Ce panache tombe au sol et rampe sur l'asphalte sitôt franchit la gueule du pot cataclysmique. Les fétichistes de la berline allemande triomphent. Leur trainée les désigne de loin, elle marque l'espace commun d'une empreinte éphémère. Les chiens font pareil lorsqu'ils pissent sur les murs. Je préférais les bourrins de l'autre siècle selon une légende familiale les démunis se précipitait ramasser au cul et aux pieds des chevaux de quoi engraisser leur lopin de terre. De chaque coté de la rue à fort indice d'octane six étages canalisent la puanteur. Dans cet univers au sans plomb le numéro quinze de la rue offre un répit.

La Brulerie des Lilas déplie son paradis quand ses voisins multiplient  la puanteur à la manière d'un miroir à facettes.
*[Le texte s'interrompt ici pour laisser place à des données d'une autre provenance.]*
lemma face_of_zero_one_hull_agreeing:
  fixes A :: "(real ^ 'n) set"
  assumes A: "finite A" "\<forall>x\<in>A. \<forall>i. x$i \<in> {0,1}" and u: "u \<in> A" and w: "w \<in> A"
  shows "convex hull {x\<in>A. \<forall>i. u$i = w$i \<longrightarrow> x$i = u$i} face_of convex hull A"
proof -
  let ?agree = "\<lambda>x. \<forall>i. u$i = w$i \<longrightarrow> x$i = u$i"
  have on_hyperplane: "(u + w - 1) \<bullet> x = u \<bullet> w \<longleftrightarrow> ?agree x" if "x \<in> A" for x
    by (rule inner_agreement_bound(2)) (use A(2) u w that in auto)
  have "A \<subseteq> {x. (u + w - 1) \<bullet> x \<le> u \<bullet> w}"
    using A(2) u w by (auto intro: inner_agreement_bound(1))
  then have "convex hull A \<subseteq> {x. (u + w - 1) \<bullet> x \<le> u \<bullet> w}"
    by (rule hull_minimal) (simp add: convex_halfspace_le)
  then have face: "convex hull A \<inter> {x. (u + w - 1) \<bullet> x = u \<bullet> w} face_of convex hull A"
    (is "?F face_of _")
    by (intro face_of_Int_supporting_hyperplane_le) auto
  obtain B where B: "B \<subseteq> A" "?F = convex hull B"
    using face_of_convex_hull_subset[OF finite_imp_compact[OF A(1)] face] by blast
  have "B \<subseteq> {x\<in>A. ?agree x}"
  proof
    fix x assume "x \<in> B"
    then have "x \<in> ?F" unfolding B(2) by (rule hull_inc)
    with on_hyperplane show "x \<in> {x\<in>A. ?agree x}" using B(1) \<open>x \<in> B\<close> by auto
  qed
  then have "?F \<subseteq> convex hull {x\<in>A. ?agree x}"
    unfolding B(2) by (rule hull_mono)
  moreover have "{x\<in>A. ?agree x} \<subseteq> ?F"
    using on_hyperplane by (auto intro: hull_inc)
  then have "convex hull {x\<in>A. ?agree x} \<subseteq> ?F"
    using face_of_imp_convex[OF face] by (rule hull_minimal)
  ultimately have "?F = convex hull {x\<in>A. ?agree x}" by (rule subset_antisym)
  with face show ?thesis by simp
qed

lemma extreme_point_of_zero_one_hull:
  fixes A :: "(real ^ 'n) set"
  assumes "finite A" "\<forall>x\<in>A. \<forall>i. x$i \<in> {0,1}" "u \<in> A"
  shows "u extreme_point_of convex hull A"
proof -
  have "{x\<in>A. \<forall>i. u$i = u$i \<longrightarrow> x$i = u$i} = {u}"
    using assms(3) by (auto simp: vec_eq_iff)
  then show ?thesis
    using face_of_zero_one_hull_agreeing[OF assms assms(3)] by (simp add: face_of_singleton)
qed

lemma skel_vertices_zero_one_hull:
  fixes A :: "(real ^ 'n) set"
  assumes "finite A" "\<forall>x\<in>A. \<forall>i. x$i \<in> {0,1}"
  shows "skel_vertices (convex hull A) = A"
  using extreme_point_of_zero_one_hull[OF assms] extreme_point_of_convex_hull
  unfolding skel_vertices_def by blast

lemma skel_adj_zero_one_hullI:
  fixes A :: "(real ^ 'n) set"
  assumes A: "finite A" "\<forall>x\<in>A. \<forall>i. x$i \<in> {0,1}" and "u \<in> A" "w \<in> A" "u \<noteq> w"
    and only: "\<And>x. x \<in> A \<Longrightarrow> \<forall>i. u$i = w$i \<longrightarrow> x$i = u$i \<Longrightarrow> x = u \<or> x = w"
  shows "skel_adj (convex hull A) u w"
proof -
  have "{x\<in>A. \<forall>i. u$i = w$i \<longrightarrow> x$i = u$i} = {u, w}"
    using only assms(3,4) by auto
  then have "convex hull {u, w} face_of convex hull A"
    using face_of_zero_one_hull_agreeing[OF A assms(3,4)] by simp
  moreover have "aff_dim (convex hull {u, w}) = 1"
    using \<open>u \<noteq> w\<close> by (simp add: aff_dim_convex_hull)
  ultimately show ?thesis
    unfolding skel_adj_def skel_vertices_zero_one_hull[OF A]
    using assms(3-5) hull_inc[of _ "{u, w}"] by blast
qed

lemma not_skel_adj_parallelogram:
  fixes u v w z :: "'a::euclidean_space"
  assumes ext: "u extreme_point_of P" "v extreme_point_of P" "w extreme_point_of P"
    and "z \<in> P" and sum: "u + v = w + z"
    and distinct: "u \<noteq> v" "w \<noteq> u" "w \<noteq> v" "w \<noteq> z"
  shows "\<not> skel_adj P u v"
proof
  assume "skel_adj P u v"
  then obtain F where F: "F face_of P" "aff_dim F = 1" "u \<in> F" "v \<in> F"
    unfolding skel_adj_def by blast
  have inP: "u \<in> P" "v \<in> P" "w \<in> P" using ext by (auto simp: extreme_point_of_def)
  have "midpoint u v \<in> F"
    using face_of_imp_convex[OF F(1)] F(3,4) midpoint_in_closed_segment convex_contains_segment
    by blast
  moreover have "midpoint u v = midpoint w z"
    using sum by (simp add: midpoint_def)
  then have "midpoint u v \<in> open_segment w z"
    using \<open>w \<noteq> z\<close> by simp
  ultimately have "w \<in> F"
    using face_ofD[OF F(1) _ inP(3) \<open>z \<in> P\<close>] by blast
  then have "aff_dim {u, v, w} \<le> 1"
    using F by (metis aff_dim_subset empty_subsetI insert_subset)
  then have "between (v, w) u \<or> between (w, u) v \<or> between (u, v) w"
    by (simp add: collinear_aff_dim[symmetric] collinear_between_cases)
  moreover have "\<not> between (a, b) c" if "c extreme_point_of P" "a \<in> P" "b \<in> P" "c \<noteq> a" "c \<noteq> b"
    for a b c
    using that unfolding between_mem_segment extreme_point_of_def open_segment_def by blast
  ultimately show False
    using ext inP distinct by metis
qed

lemma skel_dist_le_walk: "skel_walk P u v n \<Longrightarrow> skel_dist P u v \<le> enat n"
  unfolding skel_dist_def by (auto intro: Least_le)

lemma skel_dist_le_1:
  assumes "skel_adj P u v"
  shows "skel_dist P u v \<le> 1"
proof -
  have "skel_walk P u v 1"
    unfolding skel_walk_def using assms by (intro exI[of _ "\<lambda>i. if i = 0 then u else v"]) auto
  then show ?thesis using skel_dist_le_walk one_enat_def by metis
qed

lemma skel_dist_le_2:
  assumes "skel_adj P u w" "skel_adj P w v"
  shows "skel_dist P u v \<le> 2"
proof -
  have "skel_walk P u v 2"
    unfolding skel_walk_def using assms
    by (intro exI[of _ "\<lambda>i. if i = 0 then u else if i = 1 then w else v"])
      (auto simp: less_2_cases_iff)
  then show ?thesis using skel_dist_le_walk numeral_eq_enat by metis
qed
lemma lie_gen_eq_span_basis: "g = ops.span basis"
proof (rule lie_gen_eq_span)
  have "Delta p \<beta> \<in> Dp ` {0..r}"
    by (rule image_eqI[of _ _ 0]) simp_all
  then show "{Dq, Delta p \<beta>} \<subseteq> basis" by blast
  have "Dq \<in> g" by (simp add: lie_gen.gen)
  then show "basis \<subseteq> g"
    using Dp_mem_lie_gen by auto
  show "basis \<subseteq> Collect linear_op"
    by (rule linear_op_basis)
  fix x y assume "x \<in> basis" "y \<in> basis"
  then have "lie x y \<in> ops.span {lie x y | x y. x \<in> basis \<and> y \<in> lcs_basis 0}"
    by (intro ops.span_base) (auto simp: lcs_basis_def)
  also have "\<dots> = ops.span (Dp ` {1..r})"
    using span_lie_lcs_basis[of 0] by (simp add: lcs_basis_def)
  also have "\<dots> \<subseteq> ops.span basis"
    by (intro ops.span_mono) auto
  finally show "lie x y \<in> ops.span basis" .
qed

lemma lcs_eq_span_lcs_basis: "lcs g m = ops.span (lcs_basis m)"
proof (induction m)
  case 0
  then show ?case by (simp add: lcs_basis_def lie_gen_eq_span_basis)
next
  case (Suc m)
  have "lcs g (Suc m) = ops.span {lie D E | D E. D \<in> g \<and> E \<in> lcs g m}"
    by simp
  also have "\<dots> = ops.span {lie D E | D E. D \<in> ops.span basis \<and> E \<in> ops.span (lcs_basis m)}"
    unfolding Suc.IH unfolding lie_gen_eq_span_basis ..
  also have "\<dots> = ops.span {lie x y | x y. x \<in> basis \<and> y \<in> lcs_basis m}"
    using linear_op_basis by (intro span_lie_span) (auto simp: lcs_basis_def linear_op_Delta)
  also have "\<dots> = ops.span (lcs_basis (Suc m))"
    by (rule span_lie_lcs_basis)
  finally show ?case .
qed

lemma step_nilpotent_lie_gen: "step_nilpotent g (r + 1)"
proof -
  have "lcs g (r + 1) = {0}"
    using lcs_eq_span_lcs_basis[of "r + 1"] by (simp add: lcs_basis_def)
  moreover have "Dp r \<in> lcs g r"
    by (simp add: lcs_eq_span_lcs_basis lcs_basis_def ops.span_base)
  moreover have "Dp r \<noteq> 0"
    by (simp add: Delta_eq_0_iff beta_nonzero)
  ultimately show ?thesis
    unfolding step_nilpotent_def by auto
qed

lemma Dq_not_in_span_Dp: "Dq \<notin> ops.span (Dp ` {0..r})"
proof
  assume "Dq \<in> ops.span (Dp ` {0..r})"
  then have "Dq \<in> ops.span ((\<lambda>a. Delta a \<beta>) ` P ` {0..r})"
    by (simp add: image_image)
  from Delta_mem_span_Deltas[OF this] obtain c where "\<gamma> = (\<lambda>i. c * \<beta> i)"
    by blast
  with gamma_not_multiple show False
    by blast
qed

lemma inj_Dp: "inj Dp"
proof
  fix j k assume "Dp j = Dp k"
  then have "P j = P k"
    using Delta_eq_Delta_iff[OF beta_nonzero] by blast
  then have "j * q i = k * q i" for i
    by (metis add_left_cancel)
  moreover obtain i where "q i \<noteq> 0"
    using q_nonzero by (auto simp: fun_eq_iff)
  ultimately show "j = k"
    by (metis mult_right_cancel)
qed

lemma card_basis: "card basis = r + 2"
proof -
  have "Dq \<notin> Dp ` {0..r}"
    using Dq_not_in_span_Dp ops.span_base[of Dq "Dp ` {0..r}"] by blast
  moreover have "card (Dp ` {0..r}) = r + 1"
    using card_image[OF inj_on_subset[OF inj_Dp subset_UNIV]] by simp
  ultimately show ?thesis
    by simp
qed

lemma independent_basis: "ops.independent basis"
proof (rule ops.independent_insertI[OF Dq_not_in_span_Dp])
  show "ops.independent (Dp ` {0..r})"
    using independent_Deltas[OF beta_nonzero, of "P ` {0..r}"] by (simp add: image_image)
qed

lemma dim_lie_gen: "ops.dim g = r + 2"
  unfolding lie_gen_eq_span_basis ops.dim_span_eq_card_independent[OF independent_basis] card_basis ..

end

theorem proposition2:
  fixes p q :: "'n::finite \<Rightarrow> nat"
    and \<beta> \<gamma> :: "'n \<Rightarrow> 'a::field_char_0"
    and r :: nat
  assumes "p \<noteq> 0" and "q \<noteq> 0"
    and "\<beta> \<noteq> 0" and "\<gamma> \<noteq> 0"
    and "\<forall>c. \<beta> \<noteq> (\<lambda>i. c * \<gamma> i)" and "\<forall>c. \<gamma> \<noteq> (\<lambda>i. c * \<beta> i)"
    and "pair \<beta> q = 0"
    and "pair \<gamma> (\<lambda>i. p i + r * q i) = 0"
    and "\<forall>k<r. pair \<gamma> (\<lambda>i. p i + k * q i) \<noteq> 0"
  shows "vector_space.dim oscale (lie_gen {Delta q \<gamma>, Delta p \<beta>}) = r + 2
    \<and> step_nilpotent (lie_gen {Delta q \<gamma>, Delta p \<beta>}) (r + 1)
    \<and> (let B = insert (Delta q \<gamma>) ((\<lambda>k. Delta (\<lambda>i. p i + k * q i) \<beta>) ` {0..r}) in
         card B = r + 2 \<and> module.independent oscale B
         \<and> module.span oscale B = lie_gen {Delta q \<gamma>, Delta p \<beta>})"
proof -
  interpret Delta_pair p q \<beta> \<gamma> r
    using assms(2,3,6-9) by unfold_locales
  show ?thesis
    using dim_lie_gen step_nilpotent_lie_gen card_basis independent_basis lie_gen_eq_span_basis
    by (simp add: Let_def)
qed

end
D'un coté un charcutier expose ses poulets à la concupiscence du passant, il les sacrifie devant tous à la voracité du grill. La chaleur tend la peau des volailles. Des perles de graisse suent au travers, elles fondent sur le volatile du dessous. Si ces prismes reflètent le bronzage des volailles et aiguisent l'appétit, les ondes infrarouges mêlent à l'odeur de poulet grillé celle d'huile de vidange et celle acre, épaisse, toxique du cul des voitures. Derrière le carrousel une résistance rougeoie, elle allume des incendies sur la peau des bestioles. Dans un mouvement éternel elles viennent une par une lécher les flammes du brasier. En bas de cette réplique de l'enfer des pommes de terre se laissent asperger du jus des  bêtes. Elles ajoutent leur touche d'humus et de brulé à l'ensemble tandis qu'elles s'imbibent de graisse de poulet.

De l'autre coté de la Brulerie des Lilas les machines frigorifiques d'un magasin de produits surgelés éjectent leur air chaud. Un air visqueux et moite où la narine immédiatement reconnaît les miasmes des bouches d'aération du métro. Il faut être une blonde pas farouche pour jouer avec ces gueules et leur montrer ses cuisses. L'haleine de cette usine percute celle du bouchon dans la rue. Sous le choc permanent l'odorat du piéton succombe, toutes écoutilles fermées le client se réfugie chez Monsieur X.